> Assignment:
In the entries below, find the lines that contain the word "where" and copy them.

> Supplied material:
lemma cauchy2_ode_op_even_binomial_half_nth:
  "- (Abs_fps (\<lambda>i. cauchy2_ode_op_fps cauchy2_series $ (2 * i)) * fps_binomial (1/2)) $ n =
    (\<Sum>l=0..n. (-1)^(n-l) * dfact (2*int n - 2*int l - 3)
        * ((2*real l - 1) * (2*real l - 2) * (2*real l - 3))
        / (2^(n-l) * fact (n-l) * fact (2*l)) * cauchy2 (2*l))
  + (\<Sum>l=1..n. (-1)^(n-l) * dfact (2*int n - 2*int l - 3)
        * ((2*real l) * (2*real l - 1) * (2*real l - 3)^3)
        / (2^(n-l) * fact (n-l) * fact (2*l)) * cauchy2 (2*l - 2))"
  (is "_ = sum ?T1 _ + sum ?T2 _")
proof -
  have summand: "- (cauchy2_ode_op_fps cauchy2_series $ (2 * l) * ((1/2) gchoose (n - l)))
      = ?T1 l + (if 1 \<le> l then ?T2 l else 0)" if "l \<le> n" for l
  proof -
    define w where "w = (-1)^(n-l) * dfact (2*int n - 2*int l - 3) / (2^(n-l) * fact (n-l))"
    have "2 * int (n - l) - 3 = 2 * int n - 2 * int l - 3"
      using that by (simp add: of_nat_diff)
    then have binom: "(1/2) gchoose (n - l) = - w"
      by (simp add: gbinomial_half_dfact w_def)
    have coeff: "cauchy2_ode_op_fps cauchy2_series $ (2 * l)
        = (2*real l - 1) * (2*real l - 2) * (2*real l - 3) * (cauchy2 (2*l) / fact (2*l))
          + (if 1 \<le> l then (2*real l - 3)^3 * (cauchy2 (2*l - 2) / fact (2*l - 2)) else 0)"
      by (simp add: fps_nth_cauchy2_ode_op_fps cauchy2_series_def)
    have T1: "?T1 l
        = w * ((2*real l - 1) * (2*real l - 2) * (2*real l - 3)) * (cauchy2 (2*l) / fact (2*l))"
      by (simp add: w_def)
    have T2: "?T2 l = w * (2*real l - 3)^3 * (cauchy2 (2*l - 2) / fact (2*l - 2))" if "1 \<le> l"
    proof -
      obtain j where "l = Suc j"
        using \<open>1 \<le> l\<close> not0_implies_Suc by fastforce
      then have "fact (2 * l) = (2 * real l) * (2 * real l - 1) * fact (2 * l - 2)"
        by (simp add: algebra_simps)
      moreover have "2 * real l \<noteq> 0" "2 * real l - 1 \<noteq> 0"
        using \<open>1 \<le> l\<close> by auto
      ultimately show ?thesis
        by (simp add: w_def)
    qed
    show ?thesis
      unfolding coeff binom using T1 T2 by (simp add: algebra_simps)
  qed
  have split: "{0..n} \<inter> {l. Suc 0 \<le> l} = {Suc 0..n}"
    by auto
  have "- (Abs_fps (\<lambda>i. cauchy2_ode_op_fps cauchy2_series $ (2 * i)) * fps_binomial (1/2)) $ n
      = (\<Sum>l=0..n. ?T1 l + (if 1 \<le> l then ?T2 l else 0))"
    by (simp add: fps_mult_nth summand flip: sum_negf)
  also have "\<dots> = sum ?T1 {0..n} + sum ?T2 {1..n}"
    by (simp add: sum.distrib sum.If_cases split)
  finally show ?thesis .
qed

> Your solution:
    define w where "w = (-1)^(n-l) * dfact (2*int n - 2*int l - 3) / (2^(n-l) * fact (n-l))"
      obtain j where "l = Suc j"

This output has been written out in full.